Book In All Likelihood

    Book Details:
  • Author : Yudi Pawitan
  • Publisher : OUP Oxford
  • Release : 2013-01-17
  • ISBN : 0191650587
  • Pages : 626 pages

Download or read book In All Likelihood written by Yudi Pawitan and published by OUP Oxford. This book was released on 2013-01-17 with total page 626 pages. Available in PDF, EPUB and Kindle. Book excerpt: Based on a course in the theory of statistics this text concentrates on what can be achieved using the likelihood/Fisherian method of taking account of uncertainty when studying a statistical problem. It takes the concept ot the likelihood as providing the best methods for unifying the demands of statistical modelling and the theory of inference.

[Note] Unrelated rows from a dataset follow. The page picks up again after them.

(* Let $d\ge 1$, let $s$ be an integer with $1<s<2^d$, write $s=j\cdot 2^k$ with $j$ odd and $k\ge 0$, and let $n\ge d+1$. Then for every $A\subseteq\mathbb{F}_2^n$, \[\lambda^*(n,d,s,A)\le 1-\frac{2^{d-k}-1}{2^{d+1}-1}.\]
   Context: For integers $n\ge d\ge 1$, a $d$-flat in $\mathbb{F}_2^n$ is a set $x_0+U$ with $x_0\in\mathbb{F}_2^n$ and $U$ a $d$-dimensional linear subspace of $\mathbb{F}_2^n$. For $A\subseteq\mathbb{F}_2^n$ and an integer $0\le s\le 2^d$, $\lambda^*(n,d,s,A)$ denotes the fraction of $d$-flats $Q$ in $\mathbb{F}_2^n$ with $|Q\cap A|=s$. *)

theory Defs
  imports "HOL-Analysis.Analysis" "HOL-Library.Z2"
begin

text \<open>F_2^n is modelled as the type bit ^ 'n with CARD('n) = n; it is a vector
  space over the field bit via scalar multiplication (*s).\<close>

definition flats :: "nat \<Rightarrow> ((bit ^ 'n) set) set" where
  "flats d = {(\<lambda>u. x0 + u) ` U | x0 U. vec.subspace U \<and> vec.dim U = d}"

definition lambda_star :: "nat \<Rightarrow> nat \<Rightarrow> (bit ^ 'n) set \<Rightarrow> real" where
  "lambda_star d s A =
     real (card {Q \<in> flats d. card (Q \<inter> A) = s}) / real (card (flats d :: ((bit ^ 'n) set) set))"

end

theory Submission
  imports Defs
begin
definition frakM_star :: "('a::{field,finite} \<Rightarrow> complex) \<Rightarrow> ('a ^ 'n) set \<Rightarrow> real" where
  "frakM_star \<psi> E = Max ((\<lambda>r. \<Sum>m\<in>sphere_F r. (cmod (fourier \<psi> (indic E) m))^2) ` (UNIV - {0}))"

end

theory Submission
  imports Defs
begin

text \<open>Expanding \<open>nu\<close> in additive characters gives \<open>q * \<Sum>t. nu(t)^2 = \<Sum>s. |T(s)|^2\<close> with
  \<open>T(s) = \<Sum>x\<in>E. \<Sum>y\<in>F. \<psi>(s * qnorm (x - y))\<close>; the term \<open>s = 0\<close> contributes \<open>|E|^2 |F|^2\<close>.
  For \<open>s = -1/(4b)\<close>, completing the square in the Gauss sum \<open>\<Sum>m. \<psi>(b * qnorm m)\<close>, whose modulus
  is \<open>q^(d/2)\<close>, identifies \<open>|T(s)|\<close> with \<open>q^(3d/2)\<close> times the modulus of
  \<open>\<Sum>m. hat E(m) * cnj (hat F(m)) * \<psi>(b * qnorm m)\<close>. Grouping \<open>m\<close> by spheres and applying Parseval
  in \<open>b\<close> leaves the sum over \<open>r\<close> of the squared moduli of the sphere pairings
  \<open>\<Sum>m\<in>S_r. hat E(m) * cnj (hat F(m))\<close>, which Cauchy-Schwarz on each sphere and Plancherel for \<open>F\<close>
  bound by \<open>M(E) |F| / q^d\<close>. Keeping the sphere \<open>r = 0\<close> apart gives the second bound.\<close>

lemma add_char_0: "add_char \<psi> \<Longrightarrow> \<psi> 0 = 1"
  unfolding add_char_def by (metis add_0 mult_cancel_left2)

lemma add_char_add: "add_char \<psi> \<Longrightarrow> \<psi> (x + y) = \<psi> x * \<psi> y"
  unfolding add_char_def by blast

lemma add_char_of_nat_mult: "add_char \<psi> \<Longrightarrow> \<psi> (of_nat n * x) = \<psi> x ^ n"
  by (induction n) (simp_all add: add_char_0 add_char_add distrib_right)

lemma norm_add_char:
  fixes \<psi> :: "'a::{field,finite} \<Rightarrow> complex"
  assumes "add_char \<psi>" shows "cmod (\<psi> x) = 1"
proof -
  have "\<psi> x ^ CHAR('a) = 1"
    using add_char_of_nat_mult[OF assms, of "CHAR('a)" x] add_char_0[OF assms] by simp
  hence "cmod (\<psi> x) ^ CHAR('a) = 1" by (metis norm_one norm_power)
  moreover have "CHAR('a) > 0" by (rule finite_imp_CHAR_pos) simp
  ultimately show ?thesis by (metis norm_ge_zero power_eq_imp_eq_base power_one zero_le_one)
qed

lemma cnj_add_char:
  fixes \<psi> :: "'a::{field,finite} \<Rightarrow> complex"
  assumes "add_char \<psi>" shows "cnj (\<psi> x) = \<psi> (- x)"
proof -
  have "cnj (\<psi> x) * \<psi> x = 1"
    using norm_add_char[OF assms, of x] by (metis complex_norm_square mult.commute of_real_1 power_one)
  moreover have "\<psi> (- x) * \<psi> x = 1"
    using add_char_add[OF assms, of "- x" x] add_char_0[OF assms] by simp
  moreover have "\<psi> x \<noteq> 0" using assms unfolding add_char_def by blast
  ultimately show ?thesis by (metis mult_cancel_right)
qed

lemma sum_shift_UNIV:
  fixes f :: "'b::{ab_group_add,finite} \<Rightarrow> 'c::comm_monoid_add"
  shows "(\<Sum>x\<in>UNIV. f (x + a)) = (\<Sum>x\<in>UNIV. f x)"
  by (rule sum.reindex_bij_witness[of _ "\<lambda>x. x - a" "\<lambda>x. x + a"]) auto

lemma sum_add_char_linear_eq_0:
  fixes \<psi> :: "'a::field \<Rightarrow> complex" and f :: "'b::{ab_group_add,finite} \<Rightarrow> 'a"
  assumes "add_char \<psi>" and "\<And>x y. f (x + y) = f x + f y" and "\<psi> (f a) \<noteq> 1"
  shows "(\<Sum>x\<in>UNIV. \<psi> (f x)) = 0"
proof -
  let ?S = "\<Sum>x\<in>UNIV. \<psi> (f x)"
  have "?S = (\<Sum>x\<in>UNIV. \<psi> (f (x + a)))" by (rule sum_shift_UNIV[symmetric])
  also have "\<dots> = \<psi> (f a) * ?S"
    by (simp add: assms(2) add_char_add[OF assms(1)] sum_distrib_left mult.commute)
  finally have "(1 - \<psi> (f a)) * ?S = 0" by (simp add: algebra_simps)
  thus ?thesis using assms(3) by simp
qed

lemma sum_add_char_mult:
  fixes \<psi> :: "'a::{field,finite} \<Rightarrow> complex"
  assumes "nontrivial_add_char \<psi>"
  shows "(\<Sum>u\<in>UNIV. \<psi> (u * c)) = (if c = 0 then of_nat CARD('a) else 0)"
proof -
  have ac: "add_char \<psi>" and "\<exists>w. \<psi> w \<noteq> 1" using assms unfolding nontrivial_add_char_def by auto
  then obtain w where "\<psi> w \<noteq> 1" by blast
  hence "c \<noteq> 0 \<Longrightarrow> \<psi> ((w / c) * c) \<noteq> 1" by simp
  thus ?thesis
    using sum_add_char_linear_eq_0[OF ac, of "\<lambda>u. u * c" "w / c"]
    by (auto simp: add_char_0[OF ac] distrib_right)
qed

lemma dotp_add_left: "dotp (m + a) v = dotp m v + dotp a v"
  unfolding dotp_def by (simp add: distrib_right sum.distrib)

lemma dotp_diff_right: "dotp m (v - w) = dotp m v - dotp m w"
  unfolding dotp_def by (simp add: right_diff_distrib sum_subtractf)

lemma dotp_commute: "dotp m v = dotp v m"
  unfolding dotp_def by (simp add: mult.commute)

lemma dotp_scale_right: "dotp m (c *s v) = c * dotp m v"
  unfolding dotp_def by (simp add: sum_distrib_left mult_ac)

lemma dotp_scale_left: "dotp (c *s m) v = c * dotp m v"
  unfolding dotp_def by (simp add: sum_distrib_left mult_ac)

lemma dotp_self: "dotp v v = qnorm v"
  unfolding dotp_def qnorm_def by (simp add: power2_eq_square)

lemma sum_add_char_dotp:
  fixes \<psi> :: "'a::{field,finite} \<Rightarrow> complex" and v :: "'a^'n"
  assumes "nontrivial_add_char \<psi>"
  shows "(\<Sum>m\<in>UNIV. \<psi> (dotp m v)) = (if v = 0 then of_nat (CARD('a)^CARD('n)) else 0)"
proof (cases "v = 0")
  case True
  thus ?thesis using assms by (simp add: dotp_def nontrivial_add_char_def add_char_0)
next
  case False
  have ac: "add_char \<psi>" and "\<exists>w. \<psi> w \<noteq> 1" using assms unfolding nontrivial_add_char_def by auto
  then obtain w where w: "\<psi> w \<noteq> 1" by blast
  obtain i where i: "v $ i \<noteq> 0" using False by (metis vec_eq_iff zero_index)
  define a :: "'a^'n" where "a = (\<chi> j. if j = i then w / v $ i else 0)"
  have "dotp a v = (\<Sum>j\<in>UNIV. if j = i then w / v $ i * v $ j else 0)"
    unfolding dotp_def a_def by (intro sum.cong) auto
  hence "dotp a v = w" using i by simp
  thus ?thesis
    using sum_add_char_linear_eq_0[OF ac, of "\<lambda>m. dotp m v" a] w False by (simp add: dotp_add_left)
qed

lemma parseval_orthogonal:
  fixes e :: "'m \<Rightarrow> 'x \<Rightarrow> complex" and f :: "'x \<Rightarrow> complex"
  assumes "finite M" and "finite X"
    and orth: "\<And>x y. x \<in> X \<Longrightarrow> y \<in> X \<Longrightarrow> (\<Sum>m\<in>M. e m x * cnj (e m y)) = (if x = y then of_real c else 0)"
  shows "(\<Sum>m\<in>M. (cmod (\<Sum>x\<in>X. e m x * f x))^2) = c * (\<Sum>x\<in>X. (cmod (f x))^2)"
proof -
  have "complex_of_real (\<Sum>m\<in>M. (cmod (\<Sum>x\<in>X. e m x * f x))^2)
      = (\<Sum>m\<in>M. (\<Sum>x\<in>X. e m x * f x) * cnj (\<Sum>y\<in>X. e m y * f y))"
    by (simp only: of_real_sum complex_norm_square)
  also have "\<dots> = (\<Sum>m\<in>M. \<Sum>x\<in>X. \<Sum>y\<in>X. f x * cnj (f y) * (e m x * cnj (e m y)))"
    by (simp add: cnj_sum sum_product mult_ac)
  also have "\<dots> = (\<Sum>x\<in>X. \<Sum>m\<in>M. \<Sum>y\<in>X. f x * cnj (f y) * (e m x * cnj (e m y)))"
    by (rule sum.swap)
  also have "\<dots> = (\<Sum>x\<in>X. \<Sum>y\<in>X. f x * cnj (f y) * (\<Sum>m\<in>M. e m x * cnj (e m y)))"
    by (simp only: sum_distrib_left sum.swap[of _ M])
  also have "\<dots> = (\<Sum>x\<in>X. of_real c * (f x * cnj (f x)))"
    by (intro sum.cong refl) (simp add: orth assms(2) sum.delta if_distrib[of "\<lambda>z. _ * z"] cong: if_cong)
  also have "\<dots> = complex_of_real (c * (\<Sum>x\<in>X. (cmod (f x))^2))"
    by (simp only: complex_norm_square of_real_sum of_real_mult sum_distrib_left)
  finally show ?thesis by (simp only: of_real_eq_iff)
qed

lemma parseval_add_char:
  fixes \<psi> :: "'a::{field,finite} \<Rightarrow> complex" and B :: "'a \<Rightarrow> complex"
  assumes nt: "nontrivial_add_char \<psi>"
  shows "(\<Sum>u\<in>UNIV. (cmod (\<Sum>r\<in>UNIV. \<psi> (u * r) * B r))^2) = real CARD('a) * (\<Sum>r\<in>UNIV. (cmod (B r))^2)"
proof (rule parseval_orthogonal)
  have ac: "add_char \<psi>" using nt unfolding nontrivial_add_char_def by blast
  fix r r' :: 'a
  have "\<psi> (u * r) * cnj (\<psi> (u * r')) = \<psi> (u * (r - r'))" for u
    by (simp add: cnj_add_char[OF ac] add_char_add[OF ac, symmetric] right_diff_distrib)
  thus "(\<Sum>u\<in>UNIV. \<psi> (u * r) * cnj (\<psi> (u * r'))) = (if r = r' then of_real (real CARD('a)) else 0)"
    by (simp add: sum_add_char_mult[OF nt])
qed simp_all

Every likelihood concept is illustrated by realistic examples, which are not compromised by computational problems. Examples range from a simile comparison of two accident rates, to complex studies that require generalised linear or semiparametric modelling. The emphasis is that the likelihood is not simply a device to produce an estimate, but an important tool for modelling. The book generally takes an informal approach, where most important results are established using heuristic arguments and motivated with realistic examples. With the currently available computing power, examples are not contrived to allow a closed analytical solution, and the book can concentrate on the statistical aspects of the data modelling. In addition to classical likelihood theory, the book covers many modern topics such as generalized linear models and mixed models, non parametric smoothing, robustness, the EM algorithm and empirical likelihood.